**Exercise requirements**: Look through the entries and count each line that includes the string "mapsto". Reply with the number alone.

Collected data
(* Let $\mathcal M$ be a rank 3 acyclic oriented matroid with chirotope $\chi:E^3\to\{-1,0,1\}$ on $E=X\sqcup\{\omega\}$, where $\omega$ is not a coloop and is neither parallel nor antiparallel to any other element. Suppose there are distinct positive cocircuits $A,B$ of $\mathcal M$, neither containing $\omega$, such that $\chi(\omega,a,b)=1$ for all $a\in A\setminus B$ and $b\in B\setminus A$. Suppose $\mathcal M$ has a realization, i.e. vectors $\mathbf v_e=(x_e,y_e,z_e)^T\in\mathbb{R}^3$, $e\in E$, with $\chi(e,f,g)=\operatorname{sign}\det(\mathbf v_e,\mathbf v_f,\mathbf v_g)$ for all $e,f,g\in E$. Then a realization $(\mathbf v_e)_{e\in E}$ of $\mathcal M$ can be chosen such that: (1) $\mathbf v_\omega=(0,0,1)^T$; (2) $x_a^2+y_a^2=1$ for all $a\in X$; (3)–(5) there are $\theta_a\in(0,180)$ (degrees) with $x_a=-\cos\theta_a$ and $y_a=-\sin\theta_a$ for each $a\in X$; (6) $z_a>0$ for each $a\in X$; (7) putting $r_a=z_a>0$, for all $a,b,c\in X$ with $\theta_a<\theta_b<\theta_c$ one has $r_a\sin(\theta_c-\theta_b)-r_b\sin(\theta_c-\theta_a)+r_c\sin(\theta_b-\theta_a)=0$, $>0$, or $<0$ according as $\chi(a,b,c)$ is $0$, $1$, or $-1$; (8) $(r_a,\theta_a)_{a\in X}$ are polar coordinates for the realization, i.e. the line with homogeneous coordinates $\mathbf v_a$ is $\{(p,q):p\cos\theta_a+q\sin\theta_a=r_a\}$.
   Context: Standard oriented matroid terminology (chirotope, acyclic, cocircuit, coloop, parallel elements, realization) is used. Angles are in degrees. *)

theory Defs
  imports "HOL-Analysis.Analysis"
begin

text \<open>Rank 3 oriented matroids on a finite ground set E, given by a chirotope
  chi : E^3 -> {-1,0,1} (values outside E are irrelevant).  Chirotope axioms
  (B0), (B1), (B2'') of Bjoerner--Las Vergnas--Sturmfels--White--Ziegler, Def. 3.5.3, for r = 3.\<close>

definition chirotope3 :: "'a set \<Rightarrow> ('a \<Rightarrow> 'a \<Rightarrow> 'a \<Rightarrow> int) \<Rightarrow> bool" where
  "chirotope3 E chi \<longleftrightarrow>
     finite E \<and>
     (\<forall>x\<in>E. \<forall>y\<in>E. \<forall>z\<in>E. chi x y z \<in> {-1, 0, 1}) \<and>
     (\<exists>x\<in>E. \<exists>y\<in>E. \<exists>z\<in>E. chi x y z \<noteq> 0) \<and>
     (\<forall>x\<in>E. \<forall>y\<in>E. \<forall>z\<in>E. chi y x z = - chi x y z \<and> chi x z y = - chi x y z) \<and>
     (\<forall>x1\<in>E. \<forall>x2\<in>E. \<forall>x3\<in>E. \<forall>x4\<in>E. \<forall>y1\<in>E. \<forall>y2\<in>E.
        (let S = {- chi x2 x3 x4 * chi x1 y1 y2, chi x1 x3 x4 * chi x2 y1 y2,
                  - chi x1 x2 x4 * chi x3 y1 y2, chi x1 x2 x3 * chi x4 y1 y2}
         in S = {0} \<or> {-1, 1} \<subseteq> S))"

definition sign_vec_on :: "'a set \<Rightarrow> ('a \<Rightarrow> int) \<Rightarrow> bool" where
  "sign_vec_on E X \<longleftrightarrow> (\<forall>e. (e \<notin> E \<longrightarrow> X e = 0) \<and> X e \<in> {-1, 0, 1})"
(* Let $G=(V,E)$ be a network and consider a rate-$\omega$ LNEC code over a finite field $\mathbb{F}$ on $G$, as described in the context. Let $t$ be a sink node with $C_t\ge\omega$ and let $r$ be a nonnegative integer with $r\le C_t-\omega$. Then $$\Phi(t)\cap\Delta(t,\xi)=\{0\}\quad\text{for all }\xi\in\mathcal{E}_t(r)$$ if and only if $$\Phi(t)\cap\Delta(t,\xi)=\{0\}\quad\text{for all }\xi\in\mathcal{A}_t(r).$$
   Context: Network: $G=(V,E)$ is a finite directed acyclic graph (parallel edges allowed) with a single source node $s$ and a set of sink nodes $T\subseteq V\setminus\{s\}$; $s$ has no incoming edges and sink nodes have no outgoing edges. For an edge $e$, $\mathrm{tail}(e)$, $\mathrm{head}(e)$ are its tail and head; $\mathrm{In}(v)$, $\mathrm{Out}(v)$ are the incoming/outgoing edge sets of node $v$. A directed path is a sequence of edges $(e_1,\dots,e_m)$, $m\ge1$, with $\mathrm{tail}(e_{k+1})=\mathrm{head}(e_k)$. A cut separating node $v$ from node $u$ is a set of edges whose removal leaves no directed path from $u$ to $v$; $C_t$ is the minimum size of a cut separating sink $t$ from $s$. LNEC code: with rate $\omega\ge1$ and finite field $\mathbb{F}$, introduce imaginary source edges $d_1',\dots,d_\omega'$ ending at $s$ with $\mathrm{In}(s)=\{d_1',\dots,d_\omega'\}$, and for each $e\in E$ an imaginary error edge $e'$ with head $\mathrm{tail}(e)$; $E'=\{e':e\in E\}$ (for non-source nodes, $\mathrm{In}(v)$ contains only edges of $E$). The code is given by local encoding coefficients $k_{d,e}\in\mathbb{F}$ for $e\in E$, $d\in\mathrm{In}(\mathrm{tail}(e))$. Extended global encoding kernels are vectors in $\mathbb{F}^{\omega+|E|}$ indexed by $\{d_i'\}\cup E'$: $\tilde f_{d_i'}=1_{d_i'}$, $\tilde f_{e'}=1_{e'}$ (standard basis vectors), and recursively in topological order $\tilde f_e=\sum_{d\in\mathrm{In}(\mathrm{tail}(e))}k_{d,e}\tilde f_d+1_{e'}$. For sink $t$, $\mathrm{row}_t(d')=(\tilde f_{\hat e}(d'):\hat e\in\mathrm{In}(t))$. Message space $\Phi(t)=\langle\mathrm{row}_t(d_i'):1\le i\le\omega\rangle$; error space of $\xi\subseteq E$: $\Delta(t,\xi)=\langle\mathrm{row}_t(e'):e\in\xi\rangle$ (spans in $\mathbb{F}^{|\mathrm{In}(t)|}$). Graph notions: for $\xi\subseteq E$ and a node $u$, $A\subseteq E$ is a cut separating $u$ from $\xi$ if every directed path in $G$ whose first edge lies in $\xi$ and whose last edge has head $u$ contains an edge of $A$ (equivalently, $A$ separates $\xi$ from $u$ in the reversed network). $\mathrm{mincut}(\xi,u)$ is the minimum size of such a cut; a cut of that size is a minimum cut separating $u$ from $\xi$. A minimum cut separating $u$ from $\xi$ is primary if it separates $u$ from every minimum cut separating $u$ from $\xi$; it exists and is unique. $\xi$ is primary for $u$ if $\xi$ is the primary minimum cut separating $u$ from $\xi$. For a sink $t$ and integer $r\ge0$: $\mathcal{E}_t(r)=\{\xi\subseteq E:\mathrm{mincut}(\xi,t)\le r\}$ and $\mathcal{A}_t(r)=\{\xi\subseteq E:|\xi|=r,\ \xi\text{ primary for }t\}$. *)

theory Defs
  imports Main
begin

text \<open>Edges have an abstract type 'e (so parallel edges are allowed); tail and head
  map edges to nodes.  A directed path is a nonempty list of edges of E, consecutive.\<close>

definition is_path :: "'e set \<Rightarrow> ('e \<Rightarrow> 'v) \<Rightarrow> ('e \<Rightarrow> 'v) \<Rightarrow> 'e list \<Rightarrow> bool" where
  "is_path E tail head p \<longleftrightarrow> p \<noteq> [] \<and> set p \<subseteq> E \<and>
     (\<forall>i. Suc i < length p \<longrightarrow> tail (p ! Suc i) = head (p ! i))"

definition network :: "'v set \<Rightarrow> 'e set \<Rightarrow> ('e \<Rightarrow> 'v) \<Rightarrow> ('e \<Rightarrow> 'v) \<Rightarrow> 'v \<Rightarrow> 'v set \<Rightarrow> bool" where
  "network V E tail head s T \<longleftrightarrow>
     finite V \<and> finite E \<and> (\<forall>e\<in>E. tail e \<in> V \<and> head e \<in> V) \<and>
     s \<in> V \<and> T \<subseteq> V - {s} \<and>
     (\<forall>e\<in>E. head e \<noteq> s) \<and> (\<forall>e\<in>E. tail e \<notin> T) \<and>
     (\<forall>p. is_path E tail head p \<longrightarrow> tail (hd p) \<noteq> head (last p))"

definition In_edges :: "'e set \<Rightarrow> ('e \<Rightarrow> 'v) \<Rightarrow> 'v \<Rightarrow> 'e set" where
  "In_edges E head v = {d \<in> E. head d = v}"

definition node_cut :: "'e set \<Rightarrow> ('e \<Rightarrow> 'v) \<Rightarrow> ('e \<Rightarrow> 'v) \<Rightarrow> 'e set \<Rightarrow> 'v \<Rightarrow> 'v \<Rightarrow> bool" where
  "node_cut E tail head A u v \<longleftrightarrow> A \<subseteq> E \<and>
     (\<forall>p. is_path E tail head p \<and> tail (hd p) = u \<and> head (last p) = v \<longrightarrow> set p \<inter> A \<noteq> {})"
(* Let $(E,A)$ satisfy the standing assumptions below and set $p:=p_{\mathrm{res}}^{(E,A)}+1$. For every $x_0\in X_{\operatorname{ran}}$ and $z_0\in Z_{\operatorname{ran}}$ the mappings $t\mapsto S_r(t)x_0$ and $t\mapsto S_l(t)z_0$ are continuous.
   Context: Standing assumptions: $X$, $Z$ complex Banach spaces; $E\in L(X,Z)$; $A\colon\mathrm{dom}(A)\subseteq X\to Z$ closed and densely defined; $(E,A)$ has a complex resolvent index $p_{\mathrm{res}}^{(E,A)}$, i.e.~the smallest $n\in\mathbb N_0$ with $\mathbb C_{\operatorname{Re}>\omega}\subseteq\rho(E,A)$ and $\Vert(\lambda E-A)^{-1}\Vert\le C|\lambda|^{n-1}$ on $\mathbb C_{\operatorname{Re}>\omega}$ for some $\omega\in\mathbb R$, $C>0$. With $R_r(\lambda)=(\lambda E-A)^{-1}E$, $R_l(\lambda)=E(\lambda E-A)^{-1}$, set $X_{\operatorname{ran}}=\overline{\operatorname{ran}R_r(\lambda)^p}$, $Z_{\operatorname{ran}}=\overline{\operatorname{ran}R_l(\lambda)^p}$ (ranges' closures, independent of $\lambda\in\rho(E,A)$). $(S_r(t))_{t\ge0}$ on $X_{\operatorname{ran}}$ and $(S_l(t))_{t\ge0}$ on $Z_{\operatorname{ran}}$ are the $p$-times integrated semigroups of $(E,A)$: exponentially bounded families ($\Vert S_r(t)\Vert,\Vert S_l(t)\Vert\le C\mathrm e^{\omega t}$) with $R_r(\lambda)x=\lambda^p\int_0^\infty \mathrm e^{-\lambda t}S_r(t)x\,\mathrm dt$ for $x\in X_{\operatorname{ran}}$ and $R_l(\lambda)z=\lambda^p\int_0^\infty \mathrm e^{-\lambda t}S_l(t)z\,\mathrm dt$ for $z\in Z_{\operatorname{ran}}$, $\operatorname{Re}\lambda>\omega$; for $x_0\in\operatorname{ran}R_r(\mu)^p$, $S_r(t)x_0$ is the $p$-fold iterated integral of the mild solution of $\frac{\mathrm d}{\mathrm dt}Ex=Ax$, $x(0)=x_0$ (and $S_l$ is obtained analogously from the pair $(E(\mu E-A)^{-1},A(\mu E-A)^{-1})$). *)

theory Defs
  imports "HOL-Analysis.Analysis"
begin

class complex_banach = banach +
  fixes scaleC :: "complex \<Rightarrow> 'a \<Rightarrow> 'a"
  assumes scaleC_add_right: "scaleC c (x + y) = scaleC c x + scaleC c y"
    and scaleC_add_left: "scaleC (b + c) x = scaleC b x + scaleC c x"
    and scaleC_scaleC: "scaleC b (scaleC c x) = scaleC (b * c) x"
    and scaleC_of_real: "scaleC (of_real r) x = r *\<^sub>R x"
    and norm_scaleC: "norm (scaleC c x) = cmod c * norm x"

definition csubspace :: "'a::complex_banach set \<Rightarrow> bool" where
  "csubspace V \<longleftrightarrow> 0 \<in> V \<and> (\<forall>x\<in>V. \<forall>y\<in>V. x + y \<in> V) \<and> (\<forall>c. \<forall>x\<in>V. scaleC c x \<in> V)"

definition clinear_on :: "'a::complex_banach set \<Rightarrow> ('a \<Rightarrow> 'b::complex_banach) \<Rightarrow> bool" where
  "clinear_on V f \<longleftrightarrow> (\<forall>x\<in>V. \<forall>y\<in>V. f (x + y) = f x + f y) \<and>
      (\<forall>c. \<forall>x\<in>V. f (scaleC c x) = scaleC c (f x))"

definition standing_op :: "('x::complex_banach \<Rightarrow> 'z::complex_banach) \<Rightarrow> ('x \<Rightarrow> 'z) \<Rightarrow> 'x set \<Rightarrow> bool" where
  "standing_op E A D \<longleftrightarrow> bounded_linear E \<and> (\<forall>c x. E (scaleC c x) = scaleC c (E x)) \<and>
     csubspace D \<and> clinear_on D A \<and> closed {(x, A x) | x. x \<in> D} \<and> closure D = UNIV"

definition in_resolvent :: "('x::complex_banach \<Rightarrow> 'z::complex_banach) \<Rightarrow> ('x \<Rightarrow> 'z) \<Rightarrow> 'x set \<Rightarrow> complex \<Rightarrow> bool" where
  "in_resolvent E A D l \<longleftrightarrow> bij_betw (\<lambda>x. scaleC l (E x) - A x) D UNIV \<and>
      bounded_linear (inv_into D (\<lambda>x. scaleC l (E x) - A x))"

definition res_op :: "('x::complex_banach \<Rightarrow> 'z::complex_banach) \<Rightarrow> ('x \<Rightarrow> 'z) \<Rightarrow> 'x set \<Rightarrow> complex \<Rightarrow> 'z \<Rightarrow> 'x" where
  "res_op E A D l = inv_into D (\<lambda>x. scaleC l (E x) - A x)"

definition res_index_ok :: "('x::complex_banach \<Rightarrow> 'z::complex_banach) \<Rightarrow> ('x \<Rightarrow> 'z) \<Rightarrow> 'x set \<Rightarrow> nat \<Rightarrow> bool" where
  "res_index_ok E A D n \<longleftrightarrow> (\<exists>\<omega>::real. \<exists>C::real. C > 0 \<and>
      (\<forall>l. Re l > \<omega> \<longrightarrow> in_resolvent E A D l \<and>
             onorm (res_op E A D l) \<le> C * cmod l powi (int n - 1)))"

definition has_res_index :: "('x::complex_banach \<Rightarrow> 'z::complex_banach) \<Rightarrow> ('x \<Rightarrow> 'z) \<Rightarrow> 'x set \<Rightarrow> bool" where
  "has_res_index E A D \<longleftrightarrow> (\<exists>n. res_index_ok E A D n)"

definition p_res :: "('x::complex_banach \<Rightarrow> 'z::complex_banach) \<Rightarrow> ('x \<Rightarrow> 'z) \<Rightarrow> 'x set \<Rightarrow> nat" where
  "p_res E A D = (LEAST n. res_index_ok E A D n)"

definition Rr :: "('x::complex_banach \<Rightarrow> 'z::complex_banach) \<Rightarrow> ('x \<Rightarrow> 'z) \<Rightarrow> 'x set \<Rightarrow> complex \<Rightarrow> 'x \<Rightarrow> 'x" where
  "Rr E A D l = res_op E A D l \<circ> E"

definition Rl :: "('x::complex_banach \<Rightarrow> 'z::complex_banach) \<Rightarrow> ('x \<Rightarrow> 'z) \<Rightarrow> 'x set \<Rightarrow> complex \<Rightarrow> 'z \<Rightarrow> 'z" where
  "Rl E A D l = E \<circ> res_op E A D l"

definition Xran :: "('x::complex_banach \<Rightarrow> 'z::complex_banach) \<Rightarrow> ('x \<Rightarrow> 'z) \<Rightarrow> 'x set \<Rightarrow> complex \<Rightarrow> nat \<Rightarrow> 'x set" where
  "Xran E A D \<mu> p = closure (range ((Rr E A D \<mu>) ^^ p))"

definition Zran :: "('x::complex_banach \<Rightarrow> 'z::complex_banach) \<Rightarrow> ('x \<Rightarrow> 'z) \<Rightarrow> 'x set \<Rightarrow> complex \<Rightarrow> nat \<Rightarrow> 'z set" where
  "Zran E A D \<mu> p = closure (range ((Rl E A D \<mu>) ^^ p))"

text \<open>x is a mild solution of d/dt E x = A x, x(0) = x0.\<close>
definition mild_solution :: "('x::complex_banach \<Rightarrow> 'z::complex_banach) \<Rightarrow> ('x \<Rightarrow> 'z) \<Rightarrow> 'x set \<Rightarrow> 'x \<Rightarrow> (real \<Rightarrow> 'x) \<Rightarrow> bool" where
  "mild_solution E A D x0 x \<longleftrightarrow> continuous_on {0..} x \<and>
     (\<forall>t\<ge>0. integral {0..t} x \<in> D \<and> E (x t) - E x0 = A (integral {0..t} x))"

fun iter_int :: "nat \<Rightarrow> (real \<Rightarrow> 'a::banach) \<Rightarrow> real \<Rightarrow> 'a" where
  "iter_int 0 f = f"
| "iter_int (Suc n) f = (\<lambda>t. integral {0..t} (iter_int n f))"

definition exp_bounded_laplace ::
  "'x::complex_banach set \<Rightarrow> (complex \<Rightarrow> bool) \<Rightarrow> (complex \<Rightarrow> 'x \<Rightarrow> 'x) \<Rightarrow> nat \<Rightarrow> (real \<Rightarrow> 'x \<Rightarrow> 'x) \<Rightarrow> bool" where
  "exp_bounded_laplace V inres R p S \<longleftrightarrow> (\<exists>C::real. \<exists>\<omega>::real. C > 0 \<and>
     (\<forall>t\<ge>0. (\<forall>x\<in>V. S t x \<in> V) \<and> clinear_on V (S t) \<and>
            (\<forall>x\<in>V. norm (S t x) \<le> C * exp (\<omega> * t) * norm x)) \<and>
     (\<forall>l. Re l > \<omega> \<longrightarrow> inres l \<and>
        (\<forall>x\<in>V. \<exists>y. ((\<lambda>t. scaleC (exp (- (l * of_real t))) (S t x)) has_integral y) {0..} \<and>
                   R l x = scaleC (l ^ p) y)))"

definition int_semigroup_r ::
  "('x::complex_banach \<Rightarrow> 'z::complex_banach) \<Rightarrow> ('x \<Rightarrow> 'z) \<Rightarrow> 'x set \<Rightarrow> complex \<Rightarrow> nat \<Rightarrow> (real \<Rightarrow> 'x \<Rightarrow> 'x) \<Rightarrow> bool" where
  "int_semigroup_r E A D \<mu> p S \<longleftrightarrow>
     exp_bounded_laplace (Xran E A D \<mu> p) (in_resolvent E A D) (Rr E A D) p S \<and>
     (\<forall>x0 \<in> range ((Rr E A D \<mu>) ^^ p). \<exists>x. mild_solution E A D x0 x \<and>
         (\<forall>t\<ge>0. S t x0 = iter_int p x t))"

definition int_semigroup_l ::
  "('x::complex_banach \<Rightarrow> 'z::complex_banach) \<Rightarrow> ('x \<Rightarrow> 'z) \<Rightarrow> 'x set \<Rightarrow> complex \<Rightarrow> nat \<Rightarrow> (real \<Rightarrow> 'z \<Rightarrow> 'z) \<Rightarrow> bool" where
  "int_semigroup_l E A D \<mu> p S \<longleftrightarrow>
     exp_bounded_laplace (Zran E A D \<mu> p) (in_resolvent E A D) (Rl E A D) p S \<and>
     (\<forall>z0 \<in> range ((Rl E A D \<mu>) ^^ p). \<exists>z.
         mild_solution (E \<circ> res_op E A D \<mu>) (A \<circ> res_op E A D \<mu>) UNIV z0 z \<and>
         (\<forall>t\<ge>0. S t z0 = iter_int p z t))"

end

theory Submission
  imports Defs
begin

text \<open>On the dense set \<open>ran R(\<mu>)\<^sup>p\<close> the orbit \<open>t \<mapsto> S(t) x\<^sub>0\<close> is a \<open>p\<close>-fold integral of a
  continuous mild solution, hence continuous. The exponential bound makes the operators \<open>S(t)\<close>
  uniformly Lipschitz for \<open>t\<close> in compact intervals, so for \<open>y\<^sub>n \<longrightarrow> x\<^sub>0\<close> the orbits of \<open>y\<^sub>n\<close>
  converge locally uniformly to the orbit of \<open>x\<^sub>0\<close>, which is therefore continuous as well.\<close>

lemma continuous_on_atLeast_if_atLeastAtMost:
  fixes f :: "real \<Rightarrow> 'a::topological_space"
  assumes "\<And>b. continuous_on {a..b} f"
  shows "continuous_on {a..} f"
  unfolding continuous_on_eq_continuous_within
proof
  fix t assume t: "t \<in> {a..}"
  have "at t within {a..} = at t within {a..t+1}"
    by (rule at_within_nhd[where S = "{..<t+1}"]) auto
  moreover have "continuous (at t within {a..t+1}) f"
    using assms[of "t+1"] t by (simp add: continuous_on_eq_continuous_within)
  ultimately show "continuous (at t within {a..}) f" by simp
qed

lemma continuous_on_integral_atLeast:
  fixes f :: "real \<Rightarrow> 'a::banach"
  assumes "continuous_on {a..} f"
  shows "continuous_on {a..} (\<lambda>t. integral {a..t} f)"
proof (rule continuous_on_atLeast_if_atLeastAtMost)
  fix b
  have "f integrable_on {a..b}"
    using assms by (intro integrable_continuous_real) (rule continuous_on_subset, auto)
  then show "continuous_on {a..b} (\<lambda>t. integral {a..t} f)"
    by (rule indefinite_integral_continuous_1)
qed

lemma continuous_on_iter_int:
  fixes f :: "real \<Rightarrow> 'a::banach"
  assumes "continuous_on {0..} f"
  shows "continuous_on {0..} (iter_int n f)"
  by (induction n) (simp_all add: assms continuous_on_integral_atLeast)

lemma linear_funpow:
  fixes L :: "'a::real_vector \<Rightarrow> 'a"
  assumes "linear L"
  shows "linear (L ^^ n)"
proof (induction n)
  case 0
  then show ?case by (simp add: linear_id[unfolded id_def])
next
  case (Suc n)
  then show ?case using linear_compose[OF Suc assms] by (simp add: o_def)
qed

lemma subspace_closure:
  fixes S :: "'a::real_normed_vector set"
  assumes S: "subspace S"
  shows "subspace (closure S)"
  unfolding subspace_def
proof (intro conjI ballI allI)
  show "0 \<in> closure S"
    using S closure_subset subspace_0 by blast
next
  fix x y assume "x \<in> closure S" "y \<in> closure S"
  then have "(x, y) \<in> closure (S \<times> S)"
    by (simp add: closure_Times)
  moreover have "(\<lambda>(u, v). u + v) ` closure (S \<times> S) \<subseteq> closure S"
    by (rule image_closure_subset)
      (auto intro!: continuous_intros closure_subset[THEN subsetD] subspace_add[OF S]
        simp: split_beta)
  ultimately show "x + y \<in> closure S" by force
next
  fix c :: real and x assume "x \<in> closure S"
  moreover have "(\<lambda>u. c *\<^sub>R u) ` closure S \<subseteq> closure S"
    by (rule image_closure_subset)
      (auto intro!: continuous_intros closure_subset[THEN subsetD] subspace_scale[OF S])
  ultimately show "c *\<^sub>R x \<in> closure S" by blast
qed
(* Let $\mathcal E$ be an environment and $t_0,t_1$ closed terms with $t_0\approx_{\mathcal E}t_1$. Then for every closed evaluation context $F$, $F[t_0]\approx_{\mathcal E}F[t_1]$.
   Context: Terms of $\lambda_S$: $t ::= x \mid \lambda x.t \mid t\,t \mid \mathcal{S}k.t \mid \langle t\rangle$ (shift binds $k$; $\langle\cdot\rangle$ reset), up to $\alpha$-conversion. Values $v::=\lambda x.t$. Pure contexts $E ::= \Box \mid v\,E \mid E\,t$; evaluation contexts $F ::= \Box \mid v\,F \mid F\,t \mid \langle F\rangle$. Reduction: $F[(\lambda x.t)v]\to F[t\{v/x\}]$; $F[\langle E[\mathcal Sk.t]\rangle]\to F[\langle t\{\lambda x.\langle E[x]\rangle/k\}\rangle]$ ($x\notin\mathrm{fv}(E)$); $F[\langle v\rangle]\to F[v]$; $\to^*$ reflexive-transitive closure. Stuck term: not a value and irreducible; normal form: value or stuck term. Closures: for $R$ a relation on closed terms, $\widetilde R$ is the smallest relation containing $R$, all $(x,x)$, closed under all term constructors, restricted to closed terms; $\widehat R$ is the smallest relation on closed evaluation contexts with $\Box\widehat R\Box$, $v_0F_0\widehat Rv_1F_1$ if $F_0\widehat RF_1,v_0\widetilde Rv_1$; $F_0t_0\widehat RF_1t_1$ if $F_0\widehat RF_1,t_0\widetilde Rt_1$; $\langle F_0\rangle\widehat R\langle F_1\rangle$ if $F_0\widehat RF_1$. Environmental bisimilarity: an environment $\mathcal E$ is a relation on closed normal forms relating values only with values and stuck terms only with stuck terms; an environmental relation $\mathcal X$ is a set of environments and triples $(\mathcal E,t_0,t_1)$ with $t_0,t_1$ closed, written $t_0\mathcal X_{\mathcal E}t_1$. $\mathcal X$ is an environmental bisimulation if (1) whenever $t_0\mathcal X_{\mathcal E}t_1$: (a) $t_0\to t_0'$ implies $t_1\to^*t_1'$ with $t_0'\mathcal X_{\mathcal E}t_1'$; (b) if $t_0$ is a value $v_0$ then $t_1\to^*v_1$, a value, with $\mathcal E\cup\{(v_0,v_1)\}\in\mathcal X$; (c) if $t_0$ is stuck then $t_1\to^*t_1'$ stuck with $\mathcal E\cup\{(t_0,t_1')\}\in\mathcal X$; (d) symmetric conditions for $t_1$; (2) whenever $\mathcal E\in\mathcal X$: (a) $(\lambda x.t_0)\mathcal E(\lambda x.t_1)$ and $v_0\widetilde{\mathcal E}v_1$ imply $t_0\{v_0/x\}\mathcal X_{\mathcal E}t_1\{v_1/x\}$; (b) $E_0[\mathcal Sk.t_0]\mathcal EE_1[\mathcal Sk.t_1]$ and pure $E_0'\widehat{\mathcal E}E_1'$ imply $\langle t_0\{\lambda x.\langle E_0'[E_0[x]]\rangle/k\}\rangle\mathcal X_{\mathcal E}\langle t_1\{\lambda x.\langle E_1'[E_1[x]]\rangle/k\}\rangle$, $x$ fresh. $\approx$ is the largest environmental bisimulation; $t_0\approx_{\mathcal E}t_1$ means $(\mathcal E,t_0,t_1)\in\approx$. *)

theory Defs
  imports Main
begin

**Response**: 2